In other news, I need a haircut. BACK TO YOU, BAD DREAMS.

Monday, October 01, 2007

Remember When Garth Brooks Became Chris Gaines For A While?

and did you know that wikipedia just told me that Chris Gaines, fictional musician, shares his birthday with one madame bitch-face "katherine" turner? What a coincidence!

more things I'm wondering if you knew:
-that the one and 1/2 plays I wrote for this semester's Latenite anthology are both going to be produced? One's about a grandpa teaching his grandson how to get girls (including a highly choreographed number to "For the longest time" by billy joel), and the other is a monologue about a distinguished old man who finally finds the perfect breasts in a pornographic magazine. Trust me, it's funnier than it is disgusting.

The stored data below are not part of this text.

(* Let $|V(x)|\lesssim(1+|x|)^{-19-\epsilon}$ for some $\epsilon>0$ and suppose zero is the second kind resonance of $H=\Delta^2+V$, with $S_2A^2_{-3,1}S_2$ the leading coefficient in the expansion $(M^\pm(\lambda))^{-1}=\lambda^{-3}S_2A^2_{-3,1}S_2+\dots$. Let $$K_{t,4}(x,y)=\int_0^\infty\chi(\lambda)\sin(t\lambda^2)\lambda^{-2}[G_0vS_2A^2_{-3,1}S_2vG_0](x,y)\,d\lambda.$$ Then $\sup_{x,y\in\mathbb{R}^3}|K_{t,4}(x,y)|\lesssim|t|^{1/2}$.
   Context: $U=\operatorname{sign}V$ ($U=1$ where $V=0$), $v=|V|^{1/2}$; $G_0$ is the integral operator with kernel $-\frac{|x-y|}{8\pi}$; $P=\|V\|_{L^1}^{-1}v\langle v,\cdot\rangle$; $S_2$ is the zero-energy projection defined by: $T=U+vG_0v$, $Q=I-P$, $S_1$ the Riesz projection onto $\ker(QTQ)$ in $QL^2$, $T_1=S_1TPTS_1-\frac{\|V\|_{L^1}}{3(8\pi)^2}S_1vG_1vS_1$ ($G_1$ has kernel $|x-y|^2$), and $S_2$ the Riesz projection onto $\ker T_1$; in particular $S_2v=0$. $A^2_{-3,1}$ is a $\lambda$-independent absolutely bounded operator on $L^2$. $\chi$ is a smooth even cutoff equal to $1$ near $0$ and supported in $|\lambda|\le2\lambda_0$. *)

theory Defs
  imports "HOL-Analysis.Analysis"
begin

type_synonym pt = "real^3"

text \<open>Real square-integrable functions on R^3 (representatives, not classes).\<close>
definition L2 :: "(pt \<Rightarrow> real) set" where
  "L2 = {f. f \<in> borel_measurable lborel \<and> integrable lborel (\<lambda>x. (f x)^2)}"

definition ip :: "(pt \<Rightarrow> real) \<Rightarrow> (pt \<Rightarrow> real) \<Rightarrow> real" where
  "ip f g = (\<integral>x. f x * g x \<partial>lborel)"

definition L2norm :: "(pt \<Rightarrow> real) \<Rightarrow> real" where
  "L2norm f = sqrt (\<integral>x. (f x)^2 \<partial>lborel)"

definition vfun :: "(pt \<Rightarrow> real) \<Rightarrow> pt \<Rightarrow> real" where
  "vfun V x = sqrt \<bar>V x\<bar>"

definition Ufun :: "(pt \<Rightarrow> real) \<Rightarrow> pt \<Rightarrow> real" where
  "Ufun V x = (if V x < 0 then -1 else 1)"

definition G0 :: "pt \<Rightarrow> pt \<Rightarrow> real" where
  "G0 x y = - norm (x - y) / (8 * pi)"

definition G1 :: "pt \<Rightarrow> pt \<Rightarrow> real" where
  "G1 x y = (norm (x - y))^2"

definition L1norm :: "(pt \<Rightarrow> real) \<Rightarrow> real" where
  "L1norm V = (\<integral>x. \<bar>V x\<bar> \<partial>lborel)"

definition Pop :: "(pt \<Rightarrow> real) \<Rightarrow> (pt \<Rightarrow> real) \<Rightarrow> pt \<Rightarrow> real" where
  "Pop V f = (\<lambda>x. vfun V x * ip (vfun V) f / L1norm V)"

definition Qop :: "(pt \<Rightarrow> real) \<Rightarrow> (pt \<Rightarrow> real) \<Rightarrow> pt \<Rightarrow> real" where
  "Qop V f = (\<lambda>x. f x - Pop V f x)"

definition Top :: "(pt \<Rightarrow> real) \<Rightarrow> (pt \<Rightarrow> real) \<Rightarrow> pt \<Rightarrow> real" where
  "Top V f = (\<lambda>x. Ufun V x * f x + vfun V x * (\<integral>y. G0 x y * vfun V y * f y \<partial>lborel))"
(* Let $0<\alpha<1$, $\sigma>0$, $N_1$ a positive integer, $h=\sigma^2\alpha^2$, $T=\sigma\alpha\sqrt{N_1}$, $\kappa=\frac\alpha{1-\alpha}$, and let $n\ge1$ be an integer. For $x\in(0,1]$ and complex $u\notin(-\infty,0]$ let $$f(u,x)=\frac{\sin(\alpha\pi)}{\alpha\pi}\frac{1}{2\sqrt u}\frac{xe^{\sqrt u-T}}{e^{\frac1\alpha(\sqrt u-T)}+x}$$ (principal branch of $\sqrt u$). Let $u^*=\frac{1+(1-2\alpha)\sqrt{4\alpha-4\alpha^2+1}}{2(1-\alpha)^2}$, $\gamma=\alpha\log\!\Big(\frac{\frac1\kappa\sqrt{u^*}+1}{\sqrt{u^*}-1}\Big)+\sqrt{u^*}$, $x^*=e^{\frac1\alpha(\gamma-T)}$, $M_0=2\max\left\{\frac{\sigma^2}{4},1+\mathrm{ceil}\!\left(\frac{9\pi^2}{\sigma^2}\right),2\,\mathrm{ceil}\!\left[\left(1+\sqrt{\pi/\sigma}\right)^4\right]\right\}$, and $\Upsilon=\{x\in[x^*,1]:(T+\alpha\log x)^2-\alpha^2\pi^2>M_0h\}$. For $x\in\Upsilon$ put $a=2\alpha\pi(T+\alpha\log x)$. Then $$\left|\int_0^{2a}\big[f(h+it,x)-f(h-it,x)\big]e^{-\frac{2n\pi}{h}t}\,\mathrm{d}t\right|=\left(\frac{e^h}{h^2}\int_0^1te^{-\frac{2n\pi}{h}t}\,\mathrm{d}t+\frac{e^{\sqrt h}}{\sqrt h}\int_1^{+\infty}\frac{e^{\sqrt t}}{\sqrt t}e^{-\frac{2n\pi}{h}t}\,\mathrm{d}t\right)\mathcal{O}(e^{-T})$$ uniformly for $x\in\Upsilon$, with the constant in the $\mathcal{O}$ term independent of $T$, $n$, $x$, $h$, $\alpha$ and $\sigma$.
   Context: $\mathrm{ceil}(y)$ is the least integer $\ge y$. *)

theory Defs
  imports "HOL-Analysis.Analysis"
begin

definition hA :: "real \<Rightarrow> real \<Rightarrow> real" where
  "hA \<alpha> \<sigma> = \<sigma>\<^sup>2 * \<alpha>\<^sup>2"

definition TA :: "real \<Rightarrow> real \<Rightarrow> nat \<Rightarrow> real" where
  "TA \<alpha> \<sigma> N1 = \<sigma> * \<alpha> * sqrt (real N1)"

definition kappaA :: "real \<Rightarrow> real" where
  "kappaA \<alpha> = \<alpha> / (1 - \<alpha>)"
lemma qform_le_op_norm: "Re (qform A y) \<le> op_norm A * (norm y)\<^sup>2"
proof -
  have "Re (qform A y) \<le> norm y * norm (A *v y)"
    unfolding qform_eq_cinner Re_cinner by (rule norm_cauchy_schwarz)
  also have "\<dots> \<le> norm y * (op_norm A * norm y)"
    unfolding op_norm_def by (intro mult_left_mono onorm matrix_vector_mul_bounded_linear) simp
  finally show ?thesis by (simp add: power2_eq_square mult_ac)
qed

lemma qform_conj_diag_mat:
  "qform (U ** diag_mat (\<lambda>i. of_real (d i)) ** adjoint U) v
     = of_real (\<Sum>k\<in>UNIV. d k * (cmod ((adjoint U *v v) $ k))\<^sup>2)"
proof -
  define c where "c = adjoint U *v v"
  have "qform (U ** diag_mat (\<lambda>i. of_real (d i)) ** adjoint U) v
      = cinner c (diag_mat (\<lambda>i. of_real (d i)) *v c)"
    by (simp add: qform_eq_cinner c_def cinner_mult_vec_right matrix_vector_mul_assoc [symmetric])
  also have "\<dots> = (\<Sum>k\<in>UNIV. of_real (d k) * (c $ k * cnj (c $ k)))"
    by (simp add: cinner_def matrix_vector_mult_def diag_mat_def if_distrib if_distribR
        mult.commute mult.left_commute cong: if_cong)
  finally show ?thesis by (simp only: c_def complex_norm_square[symmetric] of_real_sum of_real_mult)
qed
lemma filtration_on_sets_into_space:
  "filtration_on \<Omega> F \<Longrightarrow> 0 \<le> t \<Longrightarrow> A \<in> sets (F t) \<Longrightarrow> A \<subseteq> \<Omega>"
  by (metis filtration_on_space sets.sets_into_space)

lemma stopping_time_le_sets:
  assumes F: "filtration_on \<Omega> F" and \<sigma>: "stopping_time F \<sigma>" and "0 \<le> s" "s \<le> t"
  shows "{\<omega>\<in>\<Omega>. \<sigma> \<omega> \<le> s} \<in> sets (F t)"
proof -
  have "{\<omega>\<in>\<Omega>. \<sigma> \<omega> \<le> s} \<in> sets (F s)"
    using stopping_timeD[OF \<sigma>, of s] by (simp add: pred_def filtration_on_space[OF F \<open>0 \<le> s\<close>])
  then show ?thesis by (rule filtration_on_mono[OF F assms(3,4)])
qed

text \<open>The library's filtration locale needs all real times: extend F constantly to t < 0.\<close>

lemma filtration_max_0: "filtration_on \<Omega> F \<Longrightarrow> filtration \<Omega> (\<lambda>t. F (max 0 t))"
  unfolding filtration_def filtration_on_def by auto

lemma stopping_time_max_0:
  assumes F: "filtration_on \<Omega> F" and \<tau>: "stopping_time F \<tau>" and pos: "\<forall>\<omega>\<in>\<Omega>. 0 \<le> \<tau> \<omega>"
  shows "stopping_time (\<lambda>t. F (max 0 t)) \<tau>"
proof
  fix t :: real
  have "{\<omega>\<in>\<Omega>. \<tau> \<omega> \<le> t} \<in> sets (F (max 0 t))"
  proof (cases "t < 0")
    case True
    then have "{\<omega>\<in>\<Omega>. \<tau> \<omega> \<le> t} = {}" using pos by force
    then show ?thesis by (metis sets.empty_sets)
  qed (use stopping_time_le_sets[OF F \<tau>] in simp)
  then show "Measurable.pred (F (max 0 t)) (\<lambda>\<omega>. \<tau> \<omega> \<le> t)"
    by (simp add: pred_def filtration_on_space[OF F])
qed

-that I looked at those $20 sarah jessica parker clothes today? I got a bright blue sweater. It's electric!

-that my computer froze in the middle of this BUT SOMEHOW MIRACULOUSLY SAVED THE POST?

-that I didn't go to asssscat but instead went to the eiffel tower to watch Labyrinth tonight?

-that I want to have a picnic with you? It would be basic, really. Just red wine, a baguette with butter and sea salt, and a bicycle built for two. Would you like that? Could we plan that?

-that I've been tired all day but (a) when I tried to take a nap and (b) now, I'm unable to actually sleep?